* [WHAT IS NEEDED] Reproduce the records below exactly, but only between the lines holding "obtain Z where" and "using dim_gen_eigenspace_inverse[OF _", inclusive.

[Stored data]
lemma strongly_c_reversible_mat_jordan_pair:
  assumes mu: "\<mu> \<noteq> 0"
  shows "strongly_c_reversible_mat (k + k)
    (block_diag_mat (jordan_block k \<mu>) (jordan_block k (inverse (cnj \<mu>))))"
proof -
  let ?J = "jordan_block k \<mu>"
  have cJ: "map_mat cnj ?J = jordan_block k (cnj \<mu>)" by auto
  obtain Z where Z: "Z \<in> carrier_mat k k"
    and JZ: "map_mat cnj ?J * Z = 1\<^sub>m k" and ZJ: "Z * map_mat cnj ?J = 1\<^sub>m k"
    using obtain_inverse_mat[of "map_mat cnj ?J" k] mu by (auto simp: cJ det_jordan_block)
  have "similar_mat (jordan_block k (inverse (cnj \<mu>))) Z"
  proof (rule similar_mat_jordan_block_if_dim_gen_eigenspace[OF Z])
    fix ev j
    show "dim_gen_eigenspace Z ev j = (if inverse (cnj \<mu>) = ev then min j k else 0)"
    proof (cases "ev = 0")
      case True
      then show ?thesis
        using dim_gen_eigenspace_zero_invertible[OF Z _ ZJ JZ] mu by simp
    next
      case False
      have "(cnj \<mu> = inverse ev) = (inverse (cnj \<mu>) = ev)" by auto
      with False show ?thesis
        using dim_gen_eigenspace_inverse[OF _ Z JZ ZJ False, of j]
        by (simp add: cJ dim_gen_eigenspace_jordan_block)
    qed
  qed
  then have "similar_mat (block_diag_mat ?J (jordan_block k (inverse (cnj \<mu>)))) (block_diag_mat ?J Z)"
    by (rule similar_mat_block_diag_mat[OF similar_mat_refl[OF jordan_block_carrier]])
  then show ?thesis
    by (rule strongly_c_reversible_mat_similar[OF _
          strongly_c_reversible_mat_block_diag_cnj_inverse[OF jordan_block_carrier Z JZ]])
qed

lemma coninvolutory_cnj_mult_inverse:
  assumes S: "S \<in> carrier_mat n n" and R: "R \<in> carrier_mat n n" and SR: "S * R = 1\<^sub>m n"
    and c: "cnj c * c = 1"
  shows "map_mat cnj (c \<cdot>\<^sub>m (map_mat cnj S * R)) * (c \<cdot>\<^sub>m (map_mat cnj S * R)) = 1\<^sub>m n"
proof -
  let ?c = "map_mat cnj"
  have "R * S = 1\<^sub>m n" using S R SR by (rule mat_mult_left_right_inverse)
  moreover have "?c (R * S) = ?c R * ?c S" using R S by simp
  ultimately have cRS: "?c R * ?c S = 1\<^sub>m n" by simp
  have SR': "S * ?c R \<in> carrier_mat n n" and RS': "?c S * R \<in> carrier_mat n n"
    using S R by (auto intro!: mult_carrier_mat)
  have "?c (c \<cdot>\<^sub>m (?c S * R)) * (c \<cdot>\<^sub>m (?c S * R)) = cnj c \<cdot>\<^sub>m (c \<cdot>\<^sub>m ((S * ?c R) * (?c S * R)))"
    using S R by (simp add: mult_smult_assoc_mat[OF SR' smult_carrier_mat[OF RS']]
        mult_smult_distrib[OF SR' RS'])
  also have "(S * ?c R) * (?c S * R) = S * (?c R * ?c S) * R"
    using S R by (simp add: assoc_mult_mat_dim)
  also have "\<dots> = 1\<^sub>m n" using S R SR cRS by simp
  finally show ?thesis using c by auto
qed

text \<open>With \<open>S = I - i N\<close>, \<open>N\<close> the nilpotent Jordan block, and \<open>Y = \<zeta> (cnj S) S\<inverse>\<close> we have
  \<open>cnj S = 2 I - S\<close>, hence \<open>Y - ev = M S\<inverse>\<close> with \<open>M = (\<zeta> - ev) I + i (\<zeta> + ev) N\<close> commuting
  with \<open>S\<inverse>\<close>, so the kernels of the powers of \<open>Y - ev\<close> have the dimensions of those for
  \<open>J\<^sub>k(\<zeta>) - ev\<close>.\<close>

lemma similar_mat_jordan_block_cayley:
  assumes \<zeta>: "\<zeta> \<noteq> 0" and R: "R \<in> carrier_mat k k"
    and SR: "bidiagonal_mat k 1 (- \<i>) * R = 1\<^sub>m k" and RS: "R * bidiagonal_mat k 1 (- \<i>) = 1\<^sub>m k"
  shows "similar_mat (jordan_block k \<zeta>) (\<zeta> \<cdot>\<^sub>m (map_mat cnj (bidiagonal_mat k 1 (- \<i>)) * R))"
    (is "similar_mat _ ?Y")
proof (rule similar_mat_jordan_block_if_dim_gen_eigenspace)
  let ?S = "bidiagonal_mat k 1 (- \<i>)"
  note S = bidiagonal_mat_carrier[of k 1 "- \<i>"]
  note inv_mult = smult_one_plus_smult_mult_inverse[OF S R SR RS]
  have "map_mat cnj ?S = 2 \<cdot>\<^sub>m 1\<^sub>m k + (- 1) \<cdot>\<^sub>m ?S"
    unfolding one_mat_eq_bidiagonal_mat bidiagonal_mat_lincomb by (simp add: map_bidiagonal_mat)
  then have Y: "?Y = (2 * \<zeta>) \<cdot>\<^sub>m R + (- \<zeta>) \<cdot>\<^sub>m 1\<^sub>m k"
    using R by (auto simp: inv_mult algebra_simps)
  then show "?Y \<in> carrier_mat k k" using R by simp
  fix ev j
  define M where "M = (2 * \<zeta>) \<cdot>\<^sub>m 1\<^sub>m k + (- (\<zeta> + ev)) \<cdot>\<^sub>m ?S"
  have M: "M \<in> carrier_mat k k" by (simp add: M_def)
  have "char_matrix ?Y ev = M * R"
    unfolding M_def inv_mult Y using R by (auto simp: char_matrix_def algebra_simps)
  moreover have "M * R = R * M" unfolding M_def inv_mult ..
  ultimately have "dim_gen_eigenspace ?Y ev j = kernel_dim (M ^\<^sub>m j)"
    unfolding dim_gen_eigenspace_def
    by (simp add: kernel_dim_pow_mult_invertible[OF M R S RS SR])
  also have "M = bidiagonal_mat k (\<zeta> - ev) (\<i> * (\<zeta> + ev))"
    unfolding M_def one_mat_eq_bidiagonal_mat bidiagonal_mat_lincomb by (simp add: algebra_simps)
  also have "kernel_dim (\<dots> ^\<^sub>m j) = (if \<zeta> = ev then min j k else 0)"
    using \<zeta> by (subst kernel_dim_pow_bidiagonal_mat) (auto simp: algebra_simps)
  finally show "dim_gen_eigenspace ?Y ev j = (if \<zeta> = ev then min j k else 0)" .
qed

lemma strongly_c_reversible_mat_jordan_block_unimodular:
  assumes \<zeta>: "cnj \<zeta> * \<zeta> = 1"
  shows "strongly_c_reversible_mat k (jordan_block k \<zeta>)"
proof -
  let ?S = "bidiagonal_mat k 1 (- \<i>)"
  obtain R where R: "R \<in> carrier_mat k k" and SR: "?S * R = 1\<^sub>m k" and RS: "R * ?S = 1\<^sub>m k"
    using obtain_inverse_mat[of ?S k] by (auto simp: det_bidiagonal_mat)
  let ?Y = "\<zeta> \<cdot>\<^sub>m (map_mat cnj ?S * R)"
  have "\<zeta> \<noteq> 0" using \<zeta> by auto
  have "?Y \<in> carrier_mat k k" using R by (simp add: mult_carrier_mat[of _ k k R k])
  then have "strongly_c_reversible_mat k ?Y"
    by (rule strongly_c_reversible_mat_coninvolutory[OF _ coninvolutory_cnj_mult_inverse[OF _ R SR \<zeta>]])
      simp
  then show ?thesis
    by (rule strongly_c_reversible_mat_similar[OF similar_mat_jordan_block_cayley[OF \<open>\<zeta> \<noteq> 0\<close> R SR RS]])
qed

section \<open>Jordan forms closed under the c-dual\<close>

text \<open>A pair \<open>(k, e)\<close> stands for the Jordan block \<open>J\<^sub>k(e)\<close>; its c-dual \<open>J\<^sub>k(1 / cnj e)\<close> is
  the block that \<open>J\<^sub>k(e)\<close> contributes to \<open>(cnj A)\<inverse>\<close>.\<close>

definition c_dual_block :: "nat \<times> complex \<Rightarrow> nat \<times> complex" where
  "c_dual_block x = (fst x, inverse (cnj (snd x)))"

lemma c_dual_block_c_dual_block [simp]: "c_dual_block (c_dual_block x) = x"
  by (simp add: c_dual_block_def)

definition c_dual_closed :: "(nat \<times> complex) multiset \<Rightarrow> bool" where
  "c_dual_closed M \<longleftrightarrow> (\<forall>x. count M (c_dual_block x) = count M x)"

lemma c_dual_closed_diff:
  "c_dual_closed M \<Longrightarrow> c_dual_closed N \<Longrightarrow> c_dual_closed (M - N)"
  by (simp add: c_dual_closed_def)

* [WRITTEN SOLUTION]
  obtain Z where Z: "Z \<in> carrier_mat k k"
    and JZ: "map_mat cnj ?J * Z = 1\<^sub>m k" and ZJ: "Z * map_mat cnj ?J = 1\<^sub>m k"
    using obtain_inverse_mat[of "map_mat cnj ?J" k] mu by (auto simp: cJ det_jordan_block)
  have "similar_mat (jordan_block k (inverse (cnj \<mu>))) Z"
  proof (rule similar_mat_jordan_block_if_dim_gen_eigenspace[OF Z])
    fix ev j
    show "dim_gen_eigenspace Z ev j = (if inverse (cnj \<mu>) = ev then min j k else 0)"
    proof (cases "ev = 0")
      case True
      then show ?thesis
        using dim_gen_eigenspace_zero_invertible[OF Z _ ZJ JZ] mu by simp
    next
      case False
      have "(cnj \<mu> = inverse ev) = (inverse (cnj \<mu>) = ev)" by auto
      with False show ?thesis
        using dim_gen_eigenspace_inverse[OF _ Z JZ ZJ False, of j]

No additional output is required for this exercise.